How I Face the Fear of Human Resources.

{This part is about dealing with the scariest, most frightening walks that an employee can encounter; requesting extended leave from Human Resources. This was written prior to my surgery, stay tuned for the continuation of the Days of Our Human Resources.}

I am taking my daughter and her friends shopping at the mall. This will be a good walk because it has been cold and raining making it difficult to visit the parks. There isn’t much nature at the mall, but the controlled climate will make for a drier walk. We park and walk to their favorite fashionable store. I am glad to arrive because walking is painful today, but a shopping promise is a shopping promise. I cannot allow my disability to deny my daughter the simple pleasure of shopping with her friends.

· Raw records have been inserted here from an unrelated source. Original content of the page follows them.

(* Assume $\bm\lambda\neq0$ and $\bm\mu\neq0$. For every $d\in\mathbb C$, the quotient $L(d,\bm\lambda,\bm\mu)=M_1(\bm\lambda,\bm\mu)/N_d$ is an irreducible $\widehat{\mathfrak{gl}}$-module (no nonzero proper subspace is invariant under all $E_{i,j}$); consequently it is also an irreducible module for $\mathcal W_{1+\infty,c=-1}\cong M^0$.
   Context: Let $\widehat{\mathcal A}$ be the Weyl algebra: the unital associative complex algebra generated by $a(r),a^*(r)$ ($r\in\mathbb Z$) with relations $[a(r),a(s)]=[a^*(r),a^*(s)]=0$ and $[a(r),a^*(s)]=\delta_{r+s,0}$. Fix integers $n\ge 0$, $m\ge 1$, $\bm\lambda=(\lambda_0,\dots,\lambda_n)\in\mathbb C^{n+1}$, $\bm\mu=(\mu_1,\dots,\mu_m)\in\mathbb C^m$, and set $\lambda_i=0$ for $i>n$, $\mu_j=0$ for $j>m$. The Whittaker module $M_1(\bm\lambda,\bm\mu)=\widehat{\mathcal A}/\mathcal I$, where $\mathcal I$ is the left ideal generated by $a(i)-\lambda_i$ ($i\ge 0$) and $a^*(j)-\mu_j$ ($j\ge 1$); $w=w_{\bm\lambda,\bm\mu}$ denotes the image of $1$. Normal ordering: $:a(i)a^*(j):$ equals $a^*(j)a(i)$ if $i\ge 0$ and $j\le 0$, and equals $a(i)a^*(j)$ otherwise. For $i,j\in\mathbb Z$, $E_{i,j}:=\,:a(-i)a^*(j):$ (operators giving a $\widehat{\mathfrak{gl}}$-module structure of central charge $-1$), and $I:=\sum_{j\in\mathbb Z}E_{j,j}$, a well-defined operator on $M_1(\bm\lambda,\bm\mu)$ commuting with all $E_{i,j}$. For $d\in\mathbb C$, $N_d$ is the smallest subspace of $M_1(\bm\lambda,\bm\mu)$ invariant under all $E_{i,j}$ and containing $(I-d)I^kw$ for all $k\ge0$, and $L(d,\bm\lambda,\bm\mu):=M_1(\bm\lambda,\bm\mu)/N_d$. The $\mathcal W_{1+\infty,c=-1}$-module structure is given by the operators $T_{r,f}=\sum_{j}f(-j):a(r-j)a^*(j):$ ($r\in\mathbb Z$, $f\in\mathbb C[x]$), which are the modes of the generating fields of $M^0=\ker J^0(0)\subset M$ (Weyl vertex algebra), $M^0\cong\mathcal W_{1+\infty,c=-1}$. *)

theory Defs
  imports "HOL-Library.Poly_Mapping" "HOL-Library.Groups_Big_Fun"
          "HOL-Computational_Algebra.Polynomial"
begin

text \<open>Concrete PBW model of the Whittaker module M_1(lambda,mu).
  As a vector space, M_1 = C[a(r) (r<0), a*(s) (s<=0)] w (free, by PBW).
  Polynomial variables:
    Cr k  stands for a(-(k+1))   (k >= 0, i.e. a(r) with r <= -1),
    Cs k  stands for a*(-k)      (k >= 0, i.e. a*(s) with s <= 0).
  The vector w corresponds to the constant polynomial 1.\<close>

datatype wvar = Cr nat | Cs nat

type_synonym wmod = "(wvar \<Rightarrow>\<^sub>0 nat) \<Rightarrow>\<^sub>0 complex"

definition vmono :: "wvar \<Rightarrow> (wvar \<Rightarrow>\<^sub>0 nat)" where
  "vmono g = Poly_Mapping.single g 1"

definition wscale :: "complex \<Rightarrow> wmod \<Rightarrow> wmod" where
  "wscale c p = Poly_Mapping.map (\<lambda>x. c * x) p"

definition wmul :: "wvar \<Rightarrow> wmod \<Rightarrow> wmod" where
  "wmul g p = Poly_Mapping.single (vmono g) 1 * p"

definition wder :: "wvar \<Rightarrow> wmod \<Rightarrow> wmod" where
  "wder g p = Abs_poly_mapping
     (\<lambda>\<alpha>. of_nat (Poly_Mapping.lookup \<alpha> g + 1) * Poly_Mapping.lookup p (\<alpha> + vmono g))"

definition wvec :: wmod where
  "wvec = Poly_Mapping.single 0 1"

definition opA :: "(nat \<Rightarrow> complex) \<Rightarrow> int \<Rightarrow> wmod \<Rightarrow> wmod" where
  "opA lam r p =
     (if r < 0 then wmul (Cr (nat (- r - 1))) p
      else wscale (lam (nat r)) p + wder (Cs (nat r)) p)"

definition opAs :: "(nat \<Rightarrow> complex) \<Rightarrow> int \<Rightarrow> wmod \<Rightarrow> wmod" where
  "opAs mu s p =
     (if s \<le> 0 then wmul (Cs (nat (- s))) p
      else wscale (mu (nat s)) p - wder (Cr (nat s - 1)) p)"

text \<open>E_{i,j} = :a(-i) a*(j):\<close>
definition opE :: "(nat \<Rightarrow> complex) \<Rightarrow> (nat \<Rightarrow> complex) \<Rightarrow> int \<Rightarrow> int \<Rightarrow> wmod \<Rightarrow> wmod" where
  "opE lam mu i j p =
     (if - i \<ge> 0 \<and> j \<le> 0 then opAs mu j (opA lam (- i) p)
      else opA lam (- i) (opAs mu j p))"

text \<open>I = sum_j E_{j,j} (only finitely many terms are nonzero on each vector)\<close>
definition opI :: "(nat \<Rightarrow> complex) \<Rightarrow> (nat \<Rightarrow> complex) \<Rightarrow> wmod \<Rightarrow> wmod" where
  "opI lam mu p = Sum_any (\<lambda>j. opE lam mu j j p)"

text \<open>T_{r,f} = sum_j f(-j) :a(r-j) a*(j): = sum_j f(-j) E_{j-r,j}\<close>
definition opT :: "(nat \<Rightarrow> complex) \<Rightarrow> (nat \<Rightarrow> complex) \<Rightarrow> int \<Rightarrow> complex poly \<Rightarrow> wmod \<Rightarrow> wmod" where
  "opT lam mu r f p = Sum_any (\<lambda>j. wscale (poly f (of_int (- j))) (opE lam mu (j - r) j p))"

definition wsubspace :: "wmod set \<Rightarrow> bool" where
  "wsubspace U \<longleftrightarrow> 0 \<in> U \<and> (\<forall>x\<in>U. \<forall>y\<in>U. x + y \<in> U) \<and> (\<forall>c. \<forall>x\<in>U. wscale c x \<in> U)"

definition E_invariant :: "(nat \<Rightarrow> complex) \<Rightarrow> (nat \<Rightarrow> complex) \<Rightarrow> wmod set \<Rightarrow> bool" where
  "E_invariant lam mu U \<longleftrightarrow> (\<forall>i j. \<forall>x\<in>U. opE lam mu i j x \<in> U)"

definition T_invariant :: "(nat \<Rightarrow> complex) \<Rightarrow> (nat \<Rightarrow> complex) \<Rightarrow> wmod set \<Rightarrow> bool" where
  "T_invariant lam mu U \<longleftrightarrow> (\<forall>r f. \<forall>x\<in>U. opT lam mu r f x \<in> U)"

definition Nd :: "(nat \<Rightarrow> complex) \<Rightarrow> (nat \<Rightarrow> complex) \<Rightarrow> complex \<Rightarrow> wmod set" where
  "Nd lam mu d = \<Inter>{U. wsubspace U \<and> E_invariant lam mu U \<and>
      (\<forall>k. opI lam mu ((opI lam mu ^^ k) wvec) - wscale d ((opI lam mu ^^ k) wvec) \<in> U)}"

text \<open>Irreducibility of the quotient M_1/N (for N invariant): it is nonzero, and
  (correspondence theorem) every invariant subspace between N and M_1 is N or M_1.\<close>
definition quot_irreducible_gl :: "(nat \<Rightarrow> complex) \<Rightarrow> (nat \<Rightarrow> complex) \<Rightarrow> wmod set \<Rightarrow> bool" where
  "quot_irreducible_gl lam mu N \<longleftrightarrow> N \<noteq> UNIV \<and>
     (\<forall>U. wsubspace U \<and> N \<subseteq> U \<and> E_invariant lam mu U \<longrightarrow> U = N \<or> U = UNIV)"

definition quot_irreducible_W :: "(nat \<Rightarrow> complex) \<Rightarrow> (nat \<Rightarrow> complex) \<Rightarrow> wmod set \<Rightarrow> bool" where
  "quot_irreducible_W lam mu N \<longleftrightarrow> N \<noteq> UNIV \<and>
     (\<forall>U. wsubspace U \<and> N \<subseteq> U \<and> T_invariant lam mu U \<longrightarrow> U = N \<or> U = UNIV)"

end

theory Submission
  imports Defs
begin

(* In the PBW model M_1 = C[a(r), a*(s) : r < 0, s <= 0] w, the operator I acts as multiplication
   by the linear form ell = sum_j mu_j a(-j) + sum_i lambda_i a*(-i) plus the charge operator
   (number of a* minus number of a), and it commutes with every E_{i,j}.  Since some lambda_i0 and
   some mu_j0 are nonzero, the operators E_{k+1,j0} and E_{-i0,-k} raise monomials, so w is a
   cyclic vector and N_d is exactly the image of I - d.

   The leading form of (I - d) t is ell times the leading form of t, and x0 = a(-j0) occurs in
   ell with the nonzero coefficient mu_j0.  Eliminating x0 from leading forms one power at a time
   shows that w is not in the image of I - d and that every vector outside N_d is congruent
   modulo N_d to a vector whose leading form avoids x0.  On such a vector the operators
   E_{-k,j0} - lambda_k mu_j0 and E_{-i0,k+1} - lambda_i0 mu_{k+1} act on the leading form as
   nonzero multiples of partial derivatives; they lower the degree while keeping x0 out of the
   leading form, until a multiple of w is reached.  So any invariant subspace strictly containing
   N_d contains w and is the whole module.  Finally, T_{r,f} with f an interpolation polynomial
   isolates a single E_{i,j}, so T-invariant subspaces are E-invariant. *)

section \<open>Polynomial calculus on the PBW model\<close>

abbreviation lookup :: "('a \<Rightarrow>\<^sub>0 'b::zero) \<Rightarrow> 'a \<Rightarrow> 'b" where
  "lookup \<equiv> Poly_Mapping.lookup"

abbreviation keys :: "('a \<Rightarrow>\<^sub>0 'b::zero) \<Rightarrow> 'a set" where
  "keys \<equiv> Poly_Mapping.keys"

I wait outside the entrance to their favorite store, near the benches. I lean on the railing. While waiting for them. I stare over the balcony of the third floor – – all the way down to Macy’s ground floor entrance. Fear runs through me. There is no reason for the fear. I am not afraid of heights, but the third floor at the mall is disorienting. The parks aren’t like that. They are predictable, comfortable, and the terrain is manageable. I say that because my damp shoes keep ‘catching’ on the polished tile floor, causing little jabs of pain in my hip. It makes me afraid that I will trip and fall.

Another bit of fear runs through me. The surgery date is moving closer and closer. But that isn’t my biggest fear. The one that scares me the most is talking to Human Resources. The last time I had a hip surgery my job was eliminated, so this isn’t an irrational fear like the bone-cracking view on the third floor.

When I am feeling nervous about work things, I like to bolster my confidence before going to talk to Human Resources about anything. For me, it helps to focus on my not having to be an Olympic athlete to be a valued employee. I only have to be a valued employee qualified to get the job the way the employer wants it done. Before I spoke with them earlier I ran a few past compliments through my mind to help make sure I could help ease the concerns that H.R. may have about my ability to make sure my position is ready for me to take leave, and that I will be ready to come back soon. Some notes on past evaluations state:

“I can give you any task and be assured it will be done correctly and to policy.”

“You have awesome phone answering skills with angry or panicked students.”

“I love your blog, I could almost see the squirrels interacting with each other in your ‘A River Runs Through It’ post.”

Give yourself a good pep talk before you go in, with at least three compliments in mind. Remind yourself that you are a valued employee. The compliments aren’t to be self-centered, it’s to help you center yourself around your position. See your place at work, know your value, and be able to communicate that value.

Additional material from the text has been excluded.